> _MATERIALS PROVIDED_
-=-=-
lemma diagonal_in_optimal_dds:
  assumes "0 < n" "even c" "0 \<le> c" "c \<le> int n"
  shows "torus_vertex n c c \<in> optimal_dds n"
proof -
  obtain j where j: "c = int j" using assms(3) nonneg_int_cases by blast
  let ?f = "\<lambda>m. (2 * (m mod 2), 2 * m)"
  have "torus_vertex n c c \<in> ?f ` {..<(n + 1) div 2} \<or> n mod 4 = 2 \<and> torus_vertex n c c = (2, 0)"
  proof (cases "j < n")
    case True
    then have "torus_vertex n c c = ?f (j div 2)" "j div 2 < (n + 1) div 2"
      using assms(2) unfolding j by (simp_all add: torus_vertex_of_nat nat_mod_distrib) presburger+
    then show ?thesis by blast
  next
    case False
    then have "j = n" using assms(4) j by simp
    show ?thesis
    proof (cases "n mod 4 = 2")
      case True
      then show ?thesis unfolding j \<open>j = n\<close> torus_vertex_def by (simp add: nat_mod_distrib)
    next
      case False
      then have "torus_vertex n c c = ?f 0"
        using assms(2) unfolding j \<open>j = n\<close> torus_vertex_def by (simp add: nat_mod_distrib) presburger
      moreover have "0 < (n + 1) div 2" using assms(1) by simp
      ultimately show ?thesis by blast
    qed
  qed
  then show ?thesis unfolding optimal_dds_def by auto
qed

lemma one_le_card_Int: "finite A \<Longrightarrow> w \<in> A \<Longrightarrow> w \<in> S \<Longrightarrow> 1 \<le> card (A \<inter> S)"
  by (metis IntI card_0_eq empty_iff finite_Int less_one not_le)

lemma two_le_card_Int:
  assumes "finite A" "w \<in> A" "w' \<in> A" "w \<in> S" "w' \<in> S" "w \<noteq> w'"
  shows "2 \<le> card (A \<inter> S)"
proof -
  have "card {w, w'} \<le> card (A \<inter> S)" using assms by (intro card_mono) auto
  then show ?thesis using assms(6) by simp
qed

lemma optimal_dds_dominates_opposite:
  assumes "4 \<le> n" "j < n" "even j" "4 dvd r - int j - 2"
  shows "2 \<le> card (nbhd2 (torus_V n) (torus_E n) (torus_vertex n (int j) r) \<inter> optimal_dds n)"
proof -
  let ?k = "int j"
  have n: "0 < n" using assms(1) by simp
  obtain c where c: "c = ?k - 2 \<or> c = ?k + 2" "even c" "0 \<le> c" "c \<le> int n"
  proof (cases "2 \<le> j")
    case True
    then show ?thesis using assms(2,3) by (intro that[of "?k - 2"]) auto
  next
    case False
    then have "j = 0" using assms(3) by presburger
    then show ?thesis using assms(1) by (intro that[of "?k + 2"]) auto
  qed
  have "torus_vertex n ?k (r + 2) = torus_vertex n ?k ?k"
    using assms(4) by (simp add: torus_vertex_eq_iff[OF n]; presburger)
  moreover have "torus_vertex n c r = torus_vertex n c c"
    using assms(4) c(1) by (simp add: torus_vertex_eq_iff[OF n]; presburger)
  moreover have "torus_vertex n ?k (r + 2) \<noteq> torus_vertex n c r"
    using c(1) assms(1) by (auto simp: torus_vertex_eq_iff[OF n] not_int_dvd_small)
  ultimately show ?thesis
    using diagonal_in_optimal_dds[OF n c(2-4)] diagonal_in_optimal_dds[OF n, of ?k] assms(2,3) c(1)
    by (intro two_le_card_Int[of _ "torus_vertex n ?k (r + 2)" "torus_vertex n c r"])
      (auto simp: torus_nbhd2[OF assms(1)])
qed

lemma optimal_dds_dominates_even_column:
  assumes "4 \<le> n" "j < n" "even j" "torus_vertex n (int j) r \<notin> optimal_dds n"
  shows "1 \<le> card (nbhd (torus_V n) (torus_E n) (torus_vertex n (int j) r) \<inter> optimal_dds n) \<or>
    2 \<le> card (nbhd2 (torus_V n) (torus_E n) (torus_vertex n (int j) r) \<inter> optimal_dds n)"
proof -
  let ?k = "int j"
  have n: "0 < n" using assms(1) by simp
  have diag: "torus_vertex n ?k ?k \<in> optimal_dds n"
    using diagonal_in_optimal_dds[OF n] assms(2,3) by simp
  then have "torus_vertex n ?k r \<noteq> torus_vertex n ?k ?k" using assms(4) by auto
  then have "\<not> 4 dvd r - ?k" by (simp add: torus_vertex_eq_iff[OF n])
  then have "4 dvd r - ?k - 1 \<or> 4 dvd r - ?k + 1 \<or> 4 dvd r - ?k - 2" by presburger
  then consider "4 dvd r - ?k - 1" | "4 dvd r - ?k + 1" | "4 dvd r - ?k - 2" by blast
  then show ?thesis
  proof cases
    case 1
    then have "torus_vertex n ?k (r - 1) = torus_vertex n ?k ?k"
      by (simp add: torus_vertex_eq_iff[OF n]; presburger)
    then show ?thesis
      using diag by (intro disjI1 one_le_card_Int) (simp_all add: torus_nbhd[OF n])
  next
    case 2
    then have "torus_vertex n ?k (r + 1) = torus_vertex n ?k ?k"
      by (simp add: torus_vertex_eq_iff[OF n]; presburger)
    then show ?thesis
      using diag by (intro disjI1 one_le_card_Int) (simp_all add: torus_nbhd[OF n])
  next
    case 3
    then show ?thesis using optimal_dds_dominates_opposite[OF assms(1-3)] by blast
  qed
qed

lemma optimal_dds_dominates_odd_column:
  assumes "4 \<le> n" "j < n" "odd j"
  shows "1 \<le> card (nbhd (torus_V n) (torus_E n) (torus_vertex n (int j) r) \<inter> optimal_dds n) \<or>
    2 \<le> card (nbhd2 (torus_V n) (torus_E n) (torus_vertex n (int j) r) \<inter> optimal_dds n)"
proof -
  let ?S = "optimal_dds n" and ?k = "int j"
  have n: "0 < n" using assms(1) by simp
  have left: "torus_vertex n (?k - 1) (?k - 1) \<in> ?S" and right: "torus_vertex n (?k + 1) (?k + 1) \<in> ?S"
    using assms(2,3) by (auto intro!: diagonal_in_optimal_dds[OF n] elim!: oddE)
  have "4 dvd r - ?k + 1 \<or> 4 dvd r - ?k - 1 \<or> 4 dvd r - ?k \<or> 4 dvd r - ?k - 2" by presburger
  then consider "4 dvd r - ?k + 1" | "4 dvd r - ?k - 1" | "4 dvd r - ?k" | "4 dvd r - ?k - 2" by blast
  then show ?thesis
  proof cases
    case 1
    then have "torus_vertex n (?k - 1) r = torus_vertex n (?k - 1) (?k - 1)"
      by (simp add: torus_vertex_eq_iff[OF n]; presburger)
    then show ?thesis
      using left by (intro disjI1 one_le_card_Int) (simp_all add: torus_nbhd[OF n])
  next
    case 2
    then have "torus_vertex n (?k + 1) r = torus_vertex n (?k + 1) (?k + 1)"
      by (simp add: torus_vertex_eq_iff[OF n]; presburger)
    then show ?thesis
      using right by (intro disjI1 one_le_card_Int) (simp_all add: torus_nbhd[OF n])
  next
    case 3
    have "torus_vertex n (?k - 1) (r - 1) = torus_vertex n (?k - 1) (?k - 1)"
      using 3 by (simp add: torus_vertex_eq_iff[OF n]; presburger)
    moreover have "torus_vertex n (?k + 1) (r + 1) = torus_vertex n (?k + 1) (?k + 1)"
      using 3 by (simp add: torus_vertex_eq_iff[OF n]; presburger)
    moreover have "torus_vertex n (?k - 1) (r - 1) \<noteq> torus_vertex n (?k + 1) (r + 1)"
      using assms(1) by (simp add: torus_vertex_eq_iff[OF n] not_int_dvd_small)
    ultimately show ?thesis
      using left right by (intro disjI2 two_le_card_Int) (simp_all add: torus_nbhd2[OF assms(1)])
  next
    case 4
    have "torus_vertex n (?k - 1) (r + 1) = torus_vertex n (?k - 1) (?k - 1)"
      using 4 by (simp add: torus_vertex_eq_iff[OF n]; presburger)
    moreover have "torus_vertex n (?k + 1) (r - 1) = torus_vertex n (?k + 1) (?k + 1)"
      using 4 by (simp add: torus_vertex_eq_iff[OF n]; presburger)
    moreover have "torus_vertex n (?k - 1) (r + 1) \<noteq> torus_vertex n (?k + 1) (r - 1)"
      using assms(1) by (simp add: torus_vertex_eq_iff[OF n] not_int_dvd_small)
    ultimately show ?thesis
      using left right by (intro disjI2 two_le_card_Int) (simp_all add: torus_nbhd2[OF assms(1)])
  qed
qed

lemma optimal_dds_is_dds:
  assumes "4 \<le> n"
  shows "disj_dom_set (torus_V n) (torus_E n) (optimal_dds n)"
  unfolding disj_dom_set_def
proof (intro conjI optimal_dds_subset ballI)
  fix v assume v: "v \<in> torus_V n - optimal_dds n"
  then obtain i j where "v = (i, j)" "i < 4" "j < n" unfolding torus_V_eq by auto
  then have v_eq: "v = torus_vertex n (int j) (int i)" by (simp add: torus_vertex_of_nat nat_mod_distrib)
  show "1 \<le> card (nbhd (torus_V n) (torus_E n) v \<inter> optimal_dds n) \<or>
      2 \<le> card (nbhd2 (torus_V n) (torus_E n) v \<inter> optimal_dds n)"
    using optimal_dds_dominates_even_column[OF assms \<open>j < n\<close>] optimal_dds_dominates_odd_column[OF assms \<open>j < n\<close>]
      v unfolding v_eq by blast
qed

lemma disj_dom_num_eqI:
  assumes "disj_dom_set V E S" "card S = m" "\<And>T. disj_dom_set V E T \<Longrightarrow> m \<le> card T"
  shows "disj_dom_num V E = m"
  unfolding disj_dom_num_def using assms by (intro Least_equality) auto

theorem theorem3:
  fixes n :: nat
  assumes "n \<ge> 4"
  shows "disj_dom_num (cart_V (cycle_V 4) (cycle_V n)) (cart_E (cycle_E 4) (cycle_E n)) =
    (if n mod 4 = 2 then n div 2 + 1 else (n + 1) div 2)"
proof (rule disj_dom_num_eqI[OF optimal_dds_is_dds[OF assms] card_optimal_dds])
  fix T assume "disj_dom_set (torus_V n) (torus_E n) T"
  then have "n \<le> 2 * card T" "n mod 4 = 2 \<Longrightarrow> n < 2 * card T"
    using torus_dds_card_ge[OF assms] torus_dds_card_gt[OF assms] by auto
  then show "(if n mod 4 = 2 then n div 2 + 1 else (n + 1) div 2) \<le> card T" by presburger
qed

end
-=-=-
> _WORK TO BE COMPLETED_
Among the entries above, identify all lines with "consider" and copy them.

> _SOLUTION TO THE EXERCISE_
  then consider "4 dvd r - ?k - 1" | "4 dvd r - ?k + 1" | "4 dvd r - ?k - 2" by blast
  then consider "4 dvd r - ?k + 1" | "4 dvd r - ?k - 1" | "4 dvd r - ?k" | "4 dvd r - ?k - 2" by blast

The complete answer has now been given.